I don’t blame anybody for walking away from a relationship with a reactive dog involved - they are a HUGE commitment, a lot of work, and require so much intentional patience. Communication will solve a world of hurt before it happens, but sometimes you don’t know how much heat you can take until you’re out of the frying pan and in the fire. It’s tough, but definitely can be doable.
 
@seekingeden From personal experience, having a reactive dog has truly helped my partner grow as an individual. It has helped our relationship grow better too. As a puppy when our dog had reactive episodes to random things my husband would lose his shit and I had never seen him do that in the 7 years we had been together at that point. I told him rehoming a dog we committed to is not an option but changing his (husband's) attitude towards an animal that is reacting to something out of fear is important to being a better human. He has worked on his anger alongside our dog's reactivity training and I'm proud of both my boys on having gotten over their issues. My husband has learnt to let some days go and to let me handle situations when he feels overwhelmed and our dog has gotten really good at handling stressors and communicating with us about how he feels about certain scary situations. There are bad days but as a family we have started focusing only on the good days and to laugh through things more than react.
 
@seekingeden A reactive dog is not easy but try and find the silver lining in every day things. One thing that has helped us tackle the challenge is going on every potty break walk together. When I felt down I would hand over the leash to my husband and when he felt angry I would take the leash from him and give him time to cool off. We took on the clicker training and engage and disengage training as a team where the person holding the leash would click and the other person would treat. It can be really tiring when everything falls on one person alone. I know these things might not work for everyone but if it works for you, give it a shot. Hope the three of you work things out.
 
@seekingeden I have a fiance and one reactive dog, and his dog is a doodle, so basically, a puppy on Crack at all times. After months of meet-ups, sleepovers, training. We finally moved in together. My dog still will head butt his dog ( my dog is always in a muzzle around him) when he is being too crazy for my dog's liking. We keep them separated by a gate while we're gone and have had zero issues. They actually miss each other when they haven't been together in a couple of days.
 
@seekingeden Have y'all worked with a professional dog trainer?? Ruled out anything medically or thought ab medication??

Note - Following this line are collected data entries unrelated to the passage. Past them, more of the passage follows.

lemma const3_hom: "comm_ring_hom (const3 :: 'a::comm_ring_1 \<Rightarrow> 'a poly3)"
  by unfold_locales (simp_all add: const3_def pCons_one)

interpretation const3: comm_ring_hom "const3 :: 'a::comm_ring_1 \<Rightarrow> 'a poly3"
  by (rule const3_hom)

interpretation to_poly3: comm_ring_hom "to_poly3 :: 'a::comm_ring_1 mpoly3 \<Rightarrow> 'a poly3"
  unfolding to_poly3_def by (rule const3.eval_mpoly_hom)

lemma to_poly3_Const: "to_poly3 (Const c) = const3 c"
  by (simp add: to_poly3_def const3.eval_mpoly_Const)

lemma to_poly3_Var: "to_poly3 (Var v) = var3 v"
  by (simp add: to_poly3_def const3.eval_mpoly_Var)

lemma coeff_to_poly3:
  "coeff (coeff (coeff (to_poly3 f) k) j) i = lookup f (single A0 i + single A1 j + single A2 k)"
proof -
  let ?m = "single A0 i + single A1 j + single A2 k"
  have monomial: "const3 c * eval_monom var3 m
      = monom (monom (monom c (lookup m A0)) (lookup m A1)) (lookup m A2)" for c m
  proof -
    have e: "var3 A0 = monom (monom (monom 1 1) 0) 0" "var3 A1 = monom (monom 1 1) 0"
      "var3 A2 = monom 1 1" "const3 c = monom (monom (monom c 0) 0) 0"
      by (simp_all add: var3_def const3_def monom_0 monom_Suc)
    show ?thesis unfolding eval_monom_def e by (simp add: monom_power mult_monom)
  qed
  have "coeff (coeff (coeff (to_poly3 f) k) j) i = (\<Sum>m\<in>keys f. if m = ?m then lookup f m else 0)"
    unfolding to_poly3_def eval_mpoly_def monomial coeff_sum
  proof (intro sum.cong refl)
    fix m :: monom
    have "lookup m A2 = k \<and> lookup m A1 = j \<and> lookup m A0 = i \<longleftrightarrow> m = ?m"
      using monom_eqI[of m ?m] by (auto simp: lookup_add lookup_single)
    thus "coeff (coeff (coeff (monom (monom (monom (lookup f m) (lookup m A0)) (lookup m A1))
        (lookup m A2)) k) j) i = (if m = ?m then lookup f m else 0)"
      by auto
  qed
  also have "\<dots> = lookup f ?m" by (simp add: in_keys_iff)
  finally show ?thesis .
qed
lemma lin_eval_dcl:
  assumes "a \<in> A" "a \<in> carr M" "c < k" "pcong M k a (numM M c)" "\<gamma> \<in> dcl M A"
  shows "lin_eval M (s, k, c, \<gamma>) a \<in> dcl M A"
proof -
  define \<psi> where "\<psi> = Ex 3 (Conj (Eq (Ad (smulT k (V 3)) (numT c)) (V 1))
    (Eq (V 0) (Ad (ismulT s (V 3)) (V 2))))"
  define e where "e = (\<lambda>_::nat. pzero M)(1 := a)"
  obtain y where y: "y \<in> carr M" "padd M (smul M k y) (numM M c) = a"
    "lin_eval M (s, k, c, \<gamma>) a = padd M (ismul M s y) \<gamma>"
    using lin_eval_quotient assms(2-4) by metis
  have uniq: "y' = y" if "y' \<in> carr M" "padd M (smul M k y') (numM M c) = a" for y'
    using quotient_unique[of k a c] assms(2-4) that y(1,2) by auto
  show ?thesis
  proof (rule dcl_closed[OF assms(5), of 2 e \<psi>])
    show "range e \<subseteq> carr M" unfolding e_def using carr_closed assms(2) by auto
    show "\<forall>w\<in>fv \<psi> - {0, 2}. e w \<in> A" unfolding e_def \<psi>_def using assms(1) by auto
    have "sat M \<psi> (e(0 := x, 2 := \<gamma>)) \<longleftrightarrow>
        (\<exists>y'\<in>carr M. padd M (smul M k y') (numM M c) = a \<and> x = padd M (ismul M s y') \<gamma>)" for x
      unfolding \<psi>_def e_def by simp
    also have "\<dots> x \<longleftrightarrow> x = lin_eval M (s, k, c, \<gamma>) a" for x
      using y uniq by metis
    finally show "{x \<in> carr M. sat M \<psi> (e(0 := x, 2 := \<gamma>))} = {lin_eval M (s, k, c, \<gamma>) a}"
      using y(1,3) carr_closed(3) ismul_carr dcl_carr[OF assms(5)] by auto
  qed simp
qed

lemma finite_has_ple_least:
  assumes "finite S" "S \<noteq> {}" "S \<subseteq> carr M"
  shows "\<exists>d\<in>S. \<forall>d'\<in>S. ple M d d'"
  using assms
proof (induction S rule: finite_ne_induct)
  case (insert x S)
  then obtain d where d: "d \<in> S" "\<forall>d'\<in>S. ple M d d'" by auto
  show ?case
  proof (cases "ple M d x")
    case True
    then show ?thesis using d by auto
  next
    case False
    then have "ple M x d" using not_plt_iff_ple insert.prems d(1) unfolding ple_def by blast
    then show ?thesis using d insert.prems ple_trans[of x d] by auto
  qed
qed simp

lemma exists_infinitely_large_fraction:
  assumes "finite S" "S \<noteq> {}" "\<forall>d\<in>S. infinitely_large M d" "0 < m"
  shows "\<exists>e. infinitely_large M e \<and> (\<forall>d\<in>S. ple M (smul M m e) d)"
proof -
  have "S \<subseteq> carr M" using assms(3) unfolding infinitely_large_def by blast
  then obtain d where d: "d \<in> S" "\<forall>d'\<in>S. ple M d d'"
    using finite_has_ple_least assms(1,2) by blast
  have dl: "infinitely_large M d" using assms(3) d(1) by blast
  then have dc: "d \<in> carr M" unfolding infinitely_large_def by blast
  obtain q where q: "q \<in> carr M" "ple M (smul M m q) d" "plt M d (padd M (smul M m q) (numM M m))"
    using division_with_remainder[OF assms(4) dc] by blast
  have "infinitely_large M q"
    using quotient_large[OF q(1) dc _ q(3)] dl q(1) unfolding infinitely_large_def by blast
  moreover have "ple M (smul M m q) d'" if "d' \<in> S" for d'
    using ple_trans[OF smul_carr[OF q(1)] dc] q(2) d(2) that \<open>S \<subseteq> carr M\<close> by blast
  ultimately show ?thesis by blast
qed
(* Assume the bounded-cost assumption. Let agent $j\in[J]$ use POMWU with learning rate $\eta>0$, and let the contexts $Z_1,\dots,Z_T$, the predictions $\hat Z^j_1,\dots,\hat Z^j_T$ and the other agents' strategies be arbitrary. Then $$\mathrm{Reg}^j_T\le\frac{(5+\ln K)L^j_T+m\ln K}{\eta}+\eta\Big(\sum_{z\in\mathcal Z}\sum_{i=1}^{n_z}\big\|(\Phi^j_{z,i}-\Phi^j_{z,i-1})^\top z\big\|_\infty^2+4L^j_T\Big)-\frac{1}{16\eta}\sum_{z\in\mathcal Z}\sum_{i=1}^{n_z}\big\|w^j_{z,i}-w^j_{z,i-1}\big\|_1^2 .$$
   Context: Setting. There are $J\ge1$ agents indexed by $j\in[J]$. Agent $j$ has a finite action set $\mathcal A^j=\{a^j_1,\dots,a^j_K\}$ with $K$ elements; $\mathcal A=\prod_i\mathcal A^i$, $\mathcal A^{-j}=\prod_{i\ne j}\mathcal A^i$. $\Delta_K$ is the probability simplex in $\mathbb R^K$, $w\in\Delta_K$ identified with a distribution on $\mathcal A^j$; $\mathscr P(S)$ is the set of distributions on a finite set $S$. The context set $\mathcal Z=\{z_1,\dots,z_m\}\subset\mathbb R^d$ is finite with $m$ elements. Agent $j$ has $\phi^j:\mathcal A\to\mathbb R^d$ and cost $c^j(\mathbf w,Z)=\mathbb E_{\mathbf a\sim\mathbf w}[\langle\phi^j(\mathbf a),Z\rangle]$; $c^j(w,\mathbf w^{-j},Z)=c^j(w\otimes\mathbf w^{-j},Z)$. $\Phi^j(\mathbf w^{-j})\in\mathbb R^{d\times K}$ has entries $\Phi^j(\mathbf w^{-j})_{\ell,k}=\mathbb E_{\mathbf a^{-j}\sim\mathbf w^{-j}}[\phi^j(a^j_k,\mathbf a^{-j})[\ell]]$, so $c^j(w,\mathbf w^{-j},Z)=\langle Z,\Phi^j(\mathbf w^{-j})w\rangle$. Bounded-cost assumption: $|\langle Z,\phi^j(\mathbf a)\rangle|\le1$ for all $j,\mathbf a\in\mathcal A,Z\in\mathcal Z$. Game protocol: $T$ rounds, fixed sequence $Z_1,\dots,Z_T\in\mathcal Z$; at round $t$ each agent $j$ receives a prediction $\hat Z^j_t\in\mathcal Z$, plays $w^j_t\in\Delta_K$ as a function of past feedback and $\hat Z^j_t$, incurs $c^j(w^j_t,\mathbf w^{-j}_t,Z_t)$ with $\mathbf w^{-j}_t=\bigotimes_{i\ne j}w^i_t$, and observes $Z_t$ and $\Phi^j(\mathbf w^{-j}_t)$. $\mathscr T^z=\{t:Z_t=z\}=\{t^z_1<\dots<t^z_{n_z}\}$, $n_z=|\mathscr T^z|$; $L^j_T=\sum_{t=1}^T\mathbf 1\{\hat Z^j_t\ne Z_t\}$. Contextual external regret: $\mathrm{Reg}^j_T=\sum_{t=1}^Tc^j(w^j_t,\mathbf w^{-j}_t,Z_t)-\min_{\pi:\mathcal Z\to\Delta_K}\sum_{t=1}^Tc^j(\pi(Z_t),\mathbf w^{-j}_t,Z_t)$. POMWU with learning rate $\eta>0$ (for agent $j$): maintain for each $z\in\mathcal Z$ a vector $\rho_z\in\mathbb R^K_{>0}$, initialized to $(1/K,\dots,1/K)$, and a matrix $\Psi_z\in\mathbb R^{d\times K}$, initialized to $0$. At round $t$, with $\hat Z=\hat Z^j_t$, play $w^j_t[\ell]=\rho_{\hat Z}[\ell]\exp(-\eta(\Psi_{\hat Z}^\top\hat Z)[\ell])/\sum_{k=1}^K\rho_{\hat Z}[k]\exp(-\eta(\Psi_{\hat Z}^\top\hat Z)[k])$. After observing $Z_t$ and $\Phi_t=\Phi^j(\mathbf w^{-j}_t)$, set $\Psi_{Z_t}\leftarrow\Phi_t$ and $\rho_{Z_t}[\ell]\leftarrow\rho_{Z_t}[\ell]\exp(-\eta(\Phi_t^\top Z_t)[\ell])$ for all $\ell$. Notation: $\Phi^j_{z,i}=\Phi^j(\mathbf w^{-j}_{t^z_i})$, $w^j_{z,i}=w^j_{t^z_i}$ for $1\le i\le n_z$, with conventions $\Phi^j_{z,0}=0\in\mathbb R^{d\times K}$ and $w^j_{z,0}=(1/K,\dots,1/K)$. *)

theory Defs
  imports "HOL-Analysis.Analysis"
begin

text \<open>Actions of every agent are indexed by 0,...,K-1; agents by 0,...,J-1; rounds by 0,...,T-1.
  A mixed strategy is a function nat => real, meaningful on {..<K}.
  Contexts are vectors in real^'d.\<close>

definition prob_simplex :: "nat \<Rightarrow> (nat \<Rightarrow> real) set" where
  "prob_simplex K = {w. (\<forall>k<K. 0 \<le> w k) \<and> (\<Sum>k<K. w k) = 1}"

definition profiles :: "nat \<Rightarrow> nat \<Rightarrow> (nat \<Rightarrow> nat) set" where
  "profiles J K = PiE {..<J} (\<lambda>_. {..<K})"

text \<open>The matrix Phi^j(w^{-j}) given by its K columns (each in real^'d):
  column k is E_{a^{-j} ~ w^{-j}} [phi^j(a^j_k, a^{-j})], where W i is the mixed
  strategy of agent i (only i ~= j is used).\<close>
definition Phi_mat :: "nat \<Rightarrow> nat \<Rightarrow> (nat \<Rightarrow> (nat \<Rightarrow> nat) \<Rightarrow> real^'d) \<Rightarrow> nat
    \<Rightarrow> (nat \<Rightarrow> nat \<Rightarrow> real) \<Rightarrow> nat \<Rightarrow> real^'d" where
  "Phi_mat J K \<phi> j W k =
     (\<Sum>a\<in>{a\<in>profiles J K. a j = k}. (\<Prod>i\<in>{..<J} - {j}. W i (a i)) *\<^sub>R \<phi> j a)"

definition lincost :: "nat \<Rightarrow> (nat \<Rightarrow> real^'d) \<Rightarrow> (nat \<Rightarrow> real) \<Rightarrow> real^'d \<Rightarrow> real" where
  "lincost K Phi w Z = (\<Sum>k<K. w k * (Phi k \<bullet> Z))"

definition contextual_regret :: "nat \<Rightarrow> (real^'d) set \<Rightarrow> nat \<Rightarrow> (nat \<Rightarrow> real^'d)
    \<Rightarrow> (nat \<Rightarrow> nat \<Rightarrow> real^'d) \<Rightarrow> (nat \<Rightarrow> nat \<Rightarrow> real) \<Rightarrow> real" where
  "contextual_regret K Zset T Zs Phis wj =
     (\<Sum>t<T. lincost K (Phis t) (wj t) (Zs t))
     - (INF \<pi>\<in>{\<pi>. \<forall>z\<in>Zset. \<pi> z \<in> prob_simplex K}. \<Sum>t<T. lincost K (Phis t) (\<pi> (Zs t)) (Zs t))"

text \<open>POMWU state (rho, Psi) before round t, i.e. after the updates of rounds 0..t-1.\<close>
fun pomwu_state :: "real \<Rightarrow> nat \<Rightarrow> (nat \<Rightarrow> real^'d) \<Rightarrow> (nat \<Rightarrow> nat \<Rightarrow> real^'d) \<Rightarrow> nat
    \<Rightarrow> (real^'d \<Rightarrow> nat \<Rightarrow> real) \<times> (real^'d \<Rightarrow> nat \<Rightarrow> real^'d)" where
  "pomwu_state \<eta> K Zs Phis 0 = ((\<lambda>z l. 1 / real K), (\<lambda>z l. 0))"
| "pomwu_state \<eta> K Zs Phis (Suc t) =
     (case pomwu_state \<eta> K Zs Phis t of (\<rho>, \<Psi>) \<Rightarrow>
        (\<rho>(Zs t := (\<lambda>l. \<rho> (Zs t) l * exp (- \<eta> * (Phis t l \<bullet> Zs t)))),
         \<Psi>(Zs t := Phis t)))"

definition pomwu_weights :: "real \<Rightarrow> nat \<Rightarrow> (nat \<Rightarrow> real^'d) \<Rightarrow> (nat \<Rightarrow> nat \<Rightarrow> real^'d)
    \<Rightarrow> (nat \<Rightarrow> real^'d) \<Rightarrow> nat \<Rightarrow> nat \<Rightarrow> real" where
  "pomwu_weights \<eta> K Zs Phis Zhat t l =
     (case pomwu_state \<eta> K Zs Phis t of (\<rho>, \<Psi>) \<Rightarrow>
        \<rho> (Zhat t) l * exp (- \<eta> * (\<Psi> (Zhat t) l \<bullet> Zhat t))
        / (\<Sum>k<K. \<rho> (Zhat t) k * exp (- \<eta> * (\<Psi> (Zhat t) k \<bullet> Zhat t))))"

text \<open>The rounds t^z_1 < ... < t^z_{n_z} (0-based list) at which context z occurs.\<close>
definition occ_rounds :: "nat \<Rightarrow> (nat \<Rightarrow> 'a) \<Rightarrow> 'a \<Rightarrow> nat list" where
  "occ_rounds T Zs z = sorted_list_of_set {t. t < T \<and> Zs t = z}"

text \<open>x_{z,i}: value at the i-th occurrence (1-based), with x_{z,0} = init.\<close>
definition at_occ :: "(nat \<Rightarrow> 'b) \<Rightarrow> 'b \<Rightarrow> nat list \<Rightarrow> nat \<Rightarrow> 'b" where
  "at_occ f init ts i = (if i = 0 then init else f (ts ! (i - 1)))"

definition linf_norm :: "nat \<Rightarrow> (nat \<Rightarrow> real) \<Rightarrow> real" where
  "linf_norm K v = Max ((\<lambda>k. \<bar>v k\<bar>) ` {..<K})"

definition l1_norm :: "nat \<Rightarrow> (nat \<Rightarrow> real) \<Rightarrow> real" where
  "l1_norm K v = (\<Sum>k<K. \<bar>v k\<bar>)"

end

theory Submission
  imports Defs
begin

text \<open>For each context \<open>z\<close> the rounds with \<open>Z\<^sub>t = z\<close> form a separate instance: whenever
  the prediction is correct, POMWU plays there exactly optimistic Hedge on the loss vectors
  \<open>l\<^sub>i = \<Phi>\<^sub>z\<^sub>,\<^sub>i\<^sup>T z\<close>, with \<open>l\<^sub>i\<^sub>-\<^sub>1\<close> as the guess for \<open>l\<^sub>i\<close>. Optimistic Hedge satisfies
  the RVU bound
  \<open>ln K / \<eta> + \<eta> \<Sum> \<parallel>l\<^sub>i - l\<^sub>i\<^sub>-\<^sub>1\<parallel>\<^sub>\<infinity>\<^sup>2 - (1 / 8\<eta>) \<Sum> \<parallel>x\<^sub>i - x\<^sub>i\<^sub>-\<^sub>1\<parallel>\<^sub>1\<^sup>2\<close>,
  which follows from the KL-divergence identities of softmax iterates together with Hoelder,
  Young and Pinsker. A round with a wrong prediction costs at most \<open>2\<close> in regret and \<open>4\<close> in
  each adjacent movement term, which is absorbed by the terms proportional to \<open>L\<close>. Since the
  comparator policy is optimized separately in every context, summing over the \<open>m\<close> contexts
  gives the bound.\<close>

section \<open>Pinsker's inequality\<close>

lemma mono_on_ln_minus_rational:
  "mono_on {0<..} (\<lambda>x::real. ln x - 3 * (x - 1) * (x + 5) / (2 * (x + 2)^2))"
proof -
  define k where "k = (\<lambda>x::real. ln x - 3 * (x - 1) * (x + 5) / (2 * (x + 2)^2))"
  have deriv: "(k has_real_derivative 1 / x - 27 / (x + 2)^3) (at x)" if "0 < x" for x
  proof -
    have "(k has_real_derivative
        1 / x - (3 * ((x + 5) + (x - 1)) * (2 * (x + 2)^2) - 3 * (x - 1) * (x + 5) * (2 * (2 * (x + 2))))
          / (2 * (x + 2)^2)^2) (at x)"
      unfolding k_def using that by (auto intro!: derivative_eq_intros simp: power2_eq_square)
    moreover have "(3 * ((x + 5) + (x - 1)) * (2 * (x + 2)^2) - 3 * (x - 1) * (x + 5) * (2 * (2 * (x + 2))))
        / (2 * (x + 2)^2)^2 = 27 / (x + 2)^3"
      using that by (simp add: divide_simps)
        (simp add: algebra_simps power2_eq_square power3_eq_cube eval_nat_numeral)
    ultimately show ?thesis by simp
  qed
  have nonneg: "0 \<le> 1 / x - 27 / (x + 2)^3" if "0 < x" for x :: real
  proof -
    have "(x + 2)^3 - 27 * x = (x - 1)^2 * (x + 8)"
      by (simp add: power2_eq_square power3_eq_cube algebra_simps)
    moreover have "0 \<le> (x - 1)^2 * (x + 8)" using that by simp
    ultimately have "27 * x \<le> (x + 2)^3" by linarith
    then show ?thesis using that by (simp add: field_simps)
  qed
  have "mono_on {0<..} k"
    by (rule mono_onI, rule deriv_nonneg_imp_mono[where g' = "\<lambda>x. 1 / x - 27 / (x + 2)^3"])
      (use deriv nonneg in auto)
  then show ?thesis by (simp add: k_def)
qed

text \<open>The refinement of \<open>x ln x - x + 1 \<ge> 0\<close> from which Pinsker's inequality follows.\<close>
lemma x_ln_x_lower_bound:
  fixes x :: real assumes "0 < x"
  shows "3 * (x - 1)^2 / (2 * (x + 2)) \<le> x * ln x - x + 1"
proof -
  define g where "g x = x * ln x - x + 1 - 3 * (x - 1)^2 / (2 * (x + 2))" for x :: real
  define g' where "g' x = ln x - 3 * (x - 1) * (x + 5) / (2 * (x + 2)^2)" for x :: real
  have deriv: "(g has_real_derivative g' x) (at x)" if "0 < x" for x
  proof -
    have "(g has_real_derivative 1 * ln x + x * (1 / x) - 1
        - (3 * (2 * (x - 1)) * (2 * (x + 2)) - 3 * (x - 1)^2 * 2) / (2 * (x + 2))^2) (at x)"
      unfolding g_def using that by (auto intro!: derivative_eq_intros simp: power2_eq_square)
    moreover have "1 * ln x + x * (1 / x) - 1
        - (3 * (2 * (x - 1)) * (2 * (x + 2)) - 3 * (x - 1)^2 * 2) / (2 * (x + 2))^2 = g' x"
      unfolding g'_def using that by (simp add: divide_simps) (simp add: algebra_simps power2_eq_square)
    ultimately show ?thesis by simp
  qed
  have g'_nonneg: "0 \<le> g' y" if "1 \<le> y" for y
    using mono_onD[OF mono_on_ln_minus_rational, of 1 y] that by (simp add: g'_def)
  have g'_nonpos: "g' y \<le> 0" if "0 < y" "y \<le> 1" for y
    using mono_onD[OF mono_on_ln_minus_rational, of y 1] that by (simp add: g'_def)
  have "g 1 \<le> g x"
  proof (cases "1 \<le> x")
    case True
    show ?thesis by (rule deriv_nonneg_imp_mono[where g' = g']) (use deriv g'_nonneg True in auto)
  next
    case False
    show ?thesis by (rule deriv_nonpos_imp_antimono[where g' = g']) (use deriv g'_nonpos False assms in auto)
  qed
  then show ?thesis by (simp add: g_def)
qed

Tbh, in the situation when your bf got bit & you warned him... If there's ANY hope of keeping this dog; your bf must have a relationship with her/him, too! Basically, I'm saying DON'T let YOUR anticipation become reality. (Dogs can sense that ish!) The dog WILL warn your bf that it doesn't like 'X' or whatever. They may communicate differently, depending on where in your 'pack' your dog sees your bf.
It's incredibly difficult and will cause arguments. Just don't hash it out in front of your doggo (they're a lot like children). They don't know the words, but they know the tone
Much luck!

Edit: ment to reply to last comment
@mak33
 
@adaliabay Pack theory has been debunked ☺️ We work closely with a vet behaviorist, a experienced trainer and our vets and our dog is outstanding at giving the correct and appropriate warning signals when he’s uncomfortable, my boyfriend however didn’t take the time to learn about dog body language or listen to me when I would explain stuff and he learnt the hard way. It took three years but in the end he got snapped at and caught, not ideal, but these things happen, it was not the dogs fault.